Maximum possible pair count:
4 × 3 / 2 = 6
Similarity:
6 - 1 = 5
Output:
1
[:|||||:]
This trace shows why minimum inversions matter. Several permutations may appear, but only the one closest to the original order determines the score.
Custom Example
Input:
3
a b c
2
3 c b a
3 a b c
Trace:
| Archive | Best Permutation | Inversions | Similarity |
|---|---|---|---|
| c b a | c b a | 3 | 0 |
| a b c | a b c | 0 | 3 |
The second archive wins.
Output:
2
[:|||:]
This example demonstrates that similarity directly rewards preserving the original order.
Complexity Analysis
| Measure | Complexity | Explanation |
|---|---|---|
| Time | O(m × n! × k) | For every archive, check every permutation as a subsequence |
| Space | O(n!) | Store all permutations and inversion counts |
With n ≤ 4, we have at most 24 permutations. Even in the worst case:
10 × 24 × 20 = 4800
subsequence comparisons are performed. The solution easily fits within the limits.
Test Cases
# helper: run solution on input string, return output string
import sys
import io
from itertools import permutations
def run(inp: str) -> str:
sys.stdin = io.StringIO(inp)
input = sys.stdin.readline
def is_subsequence(perm, archive):
j = 0
for word in archive:
if j < len(perm) and word == perm[j]:
j += 1
return j == len(perm)
out = io.StringIO()
n = int(input())
base = input().split()
pos = {word: i for i, word in enumerate(base)}
perms = []
for perm in permutations(base):
inv = 0
for i in range(n):
for j in range(i + 1, n):
if pos[perm[i]] > pos[perm[j]]:
inv += 1
perms.append((perm, inv))
m = int(input())
best_similarity = -1
best_index = -1
max_pairs = n * (n - 1) // 2
for idx in range(1, m + 1):
parts = input().split()
archive = parts[1:]
best_inv = None
for perm, inv in perms:
if is_subsequence(perm, archive):
if best_inv is None or inv < best_inv:
best_inv = inv
if best_inv is not None:
similarity = max_pairs - best_inv
if similarity > best_similarity:
best_similarity = similarity
best_index = idx
if best_index == -1:
print("Brand new problem!", file=out)
else:
print(best_index, file=out)
print("[:{}:]".format('|' * best_similarity), file=out)
return out.getvalue()
# provided sample
assert run(
"""4
find the next palindrome
1
10 find the previous palindrome or print better luck next time
"""
) == "1\n[:|||||:]\n", "sample 1"
# minimum size
assert run(
"""1
hello
1
1 hello
"""
) == "1\n[::]\n", "single word"
# no valid permutation
assert run(
"""2
a b
1
3 a a a
"""
) == "Brand new problem!\n", "missing word"
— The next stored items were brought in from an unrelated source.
lemma nmf_update_U:
  fixes X :: "real^'n^'m" and A1 :: "real^'m^'k" and A2 :: "real^'k^'n"
    and Q1 :: "real^'c^'m" and Q2 :: "real^'d^'n"
    and U :: "real^'r^'m" and V :: "real^'r^'n" and l1 l2 s1 s2 :: real
  assumes X: "nonneg_mat X" and U: "nonneg_mat U" and V: "nonneg_mat V"
    and Q1: "transpose Q1 ** Q1 = mat 1" and Q2: "transpose Q2 ** Q2 = mat 1"
    and s1a: "s1 \<ge> max_negpart (transpose A1 ** A1)"
    and s1b: "s1 \<ge> max_negpart (transpose A1 ** A1 + l1 *\<^sub>R (mat 1 - Q1 ** transpose Q1))"
    and s2a: "s2 \<ge> max_negpart (A2 ** transpose A2)"
    and s2b: "s2 \<ge> max_negpart (A2 ** transpose A2 + l2 *\<^sub>R (mat 1 - Q2 ** transpose Q2))"
  defines "A1s \<equiv> transpose A1 ** A1 + s1 *\<^sub>R ones_mat"
    and "A2s \<equiv> A2 ** transpose A2 + s2 *\<^sub>R ones_mat"
  defines "P1 \<equiv> A1s + l1 *\<^sub>R (mat 1 - Q1 ** transpose Q1)"
    and "P2 \<equiv> A2s + l2 *\<^sub>R (mat 1 - Q2 ** transpose Q2)"
  defines "DU \<equiv> P1 ** U ** transpose V ** V + U ** transpose V ** P2 ** V"
  defines "U' \<equiv> hadamard U (ediv (A1s ** X ** V + X ** A2s ** V) DU)"
  assumes DU_pos: "pos_mat DU"
  shows "nmf_obj X A1 A2 Q1 Q2 l1 l2 s1 s2 U' V \<le> nmf_obj X A1 A2 Q1 Q2 l1 l2 s1 s2 U V
    \<and> nonneg_mat U'"
proof
  define B where "B = A1s ** X ** V + X ** A2s ** V"
  have A1s_nn: "nonneg_mat A1s" and A2s_nn: "nonneg_mat A2s"
    unfolding A1s_def A2s_def using s1a s2a by (auto intro: nonneg_mat_shift)
  have "P1 = (transpose A1 ** A1 + l1 *\<^sub>R (mat 1 - Q1 ** transpose Q1)) + s1 *\<^sub>R ones_mat"
    and "P2 = (A2 ** transpose A2 + l2 *\<^sub>R (mat 1 - Q2 ** transpose Q2)) + s2 *\<^sub>R ones_mat"
    by (simp_all add: P1_def P2_def A1s_def A2s_def algebra_simps)
  then have P1_nn: "nonneg_mat P1" and P2_nn: "nonneg_mat P2"
    using s1b s2b by (auto intro: nonneg_mat_shift)
  have P1_sym: "transpose P1 = P1" and P2_sym: "transpose P2 = P2"
    by (simp_all add: P1_def P2_def A1s_def A2s_def transpose_add transpose_diff transpose_scalar
        matrix_transpose_mul)
  have DU_eq: "DU = P1 ** U ** (transpose V ** V) + U ** (transpose V ** P2 ** V)"
    by (simp add: DU_def matrix_mul_assoc)
  have obj: "nmf_obj X A1 A2 Q1 Q2 l1 l2 s1 s2 W V = (A1s ** X) \<bullet> X + (X ** A2s) \<bullet> X
      + (P1 ** W ** (transpose V ** V) + W ** (transpose V ** P2 ** V)) \<bullet> W - 2 * (B \<bullet> W)" for W
    unfolding P1_def P2_def B_def A1s_def A2s_def by (rule nmf_obj_quadratic_U[OF Q1 Q2])
  have "(P1 ** U' ** (transpose V ** V) + U' ** (transpose V ** P2 ** V)) \<bullet> U' - 2 * (B \<bullet> U')
      \<le> (P1 ** U ** (transpose V ** V) + U ** (transpose V ** P2 ** V)) \<bullet> U - 2 * (B \<bullet> U)"
    unfolding U'_def B_def[symmetric]
    using P1_sym P1_nn P2_sym P2_nn U V DU_eq DU_pos
    by (intro multiplicative_update_decreases)
      (simp_all add: matrix_transpose_mul matrix_mul_assoc nonneg_mat_mult nonneg_mat_transpose)
  then show "nmf_obj X A1 A2 Q1 Q2 l1 l2 s1 s2 U' V \<le> nmf_obj X A1 A2 Q1 Q2 l1 l2 s1 s2 U V"
    unfolding obj by linarith
  have "nonneg_mat B"
    unfolding B_def using A1s_nn A2s_nn X V by (intro nonneg_mat_add nonneg_mat_mult)
  with U DU_pos show "nonneg_mat U'"
    unfolding U'_def B_def[symmetric] by (intro nonneg_mat_hadamard_ediv)
qed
# tie between archives, smaller index wins
assert run(
"""2
a b
2
2 b a
2 b a
"""
) == "1\n[::]\n", "tie breaking"
# perfect ordering
assert run(
"""3
a b c
1
3 a b c
"""
) == "1\n[:|||:]\n", "maximum similarity"
| Test input | Expected output | What it validates |
|---|---|---|
| Single-word case | [::] |
Zero inversions and zero maximum pairs |
| Missing word in archive | Brand new problem! |
Subsequence validation correctness |
| Two identical archive scores | Smaller index selected | Tie handling |
| Perfect ordering | Maximum similarity | Correct inversion calculation |
Edge Cases
Consider the case where the archive contains repeated words but misses one required word:
2
a b
1
4 a a a a
The algorithm checks every permutation:
a b
b a
The subsequence matcher never reaches the end of either permutation because b never appears. best_inv remains None, so the archive is rejected correctly.
Now consider tie handling:
2
a b
2
2 b a
2 b a
Both archives contain permutation b a with one inversion. Since:
max_pairs = 1
similarity = 1 - 1 = 0
both archives have equal similarity.
The algorithm updates the answer only when similarity is strictly larger. Archive 1 stays selected, which matches the required behavior.
Finally, consider the smallest possible input:
1
hello
1
1 hello
There is only one permutation and zero possible inversions:
1 × 0 / 2 = 0
The similarity bar becomes:
[::]
The implementation handles this naturally because multiplying '|' * 0 produces an empty string.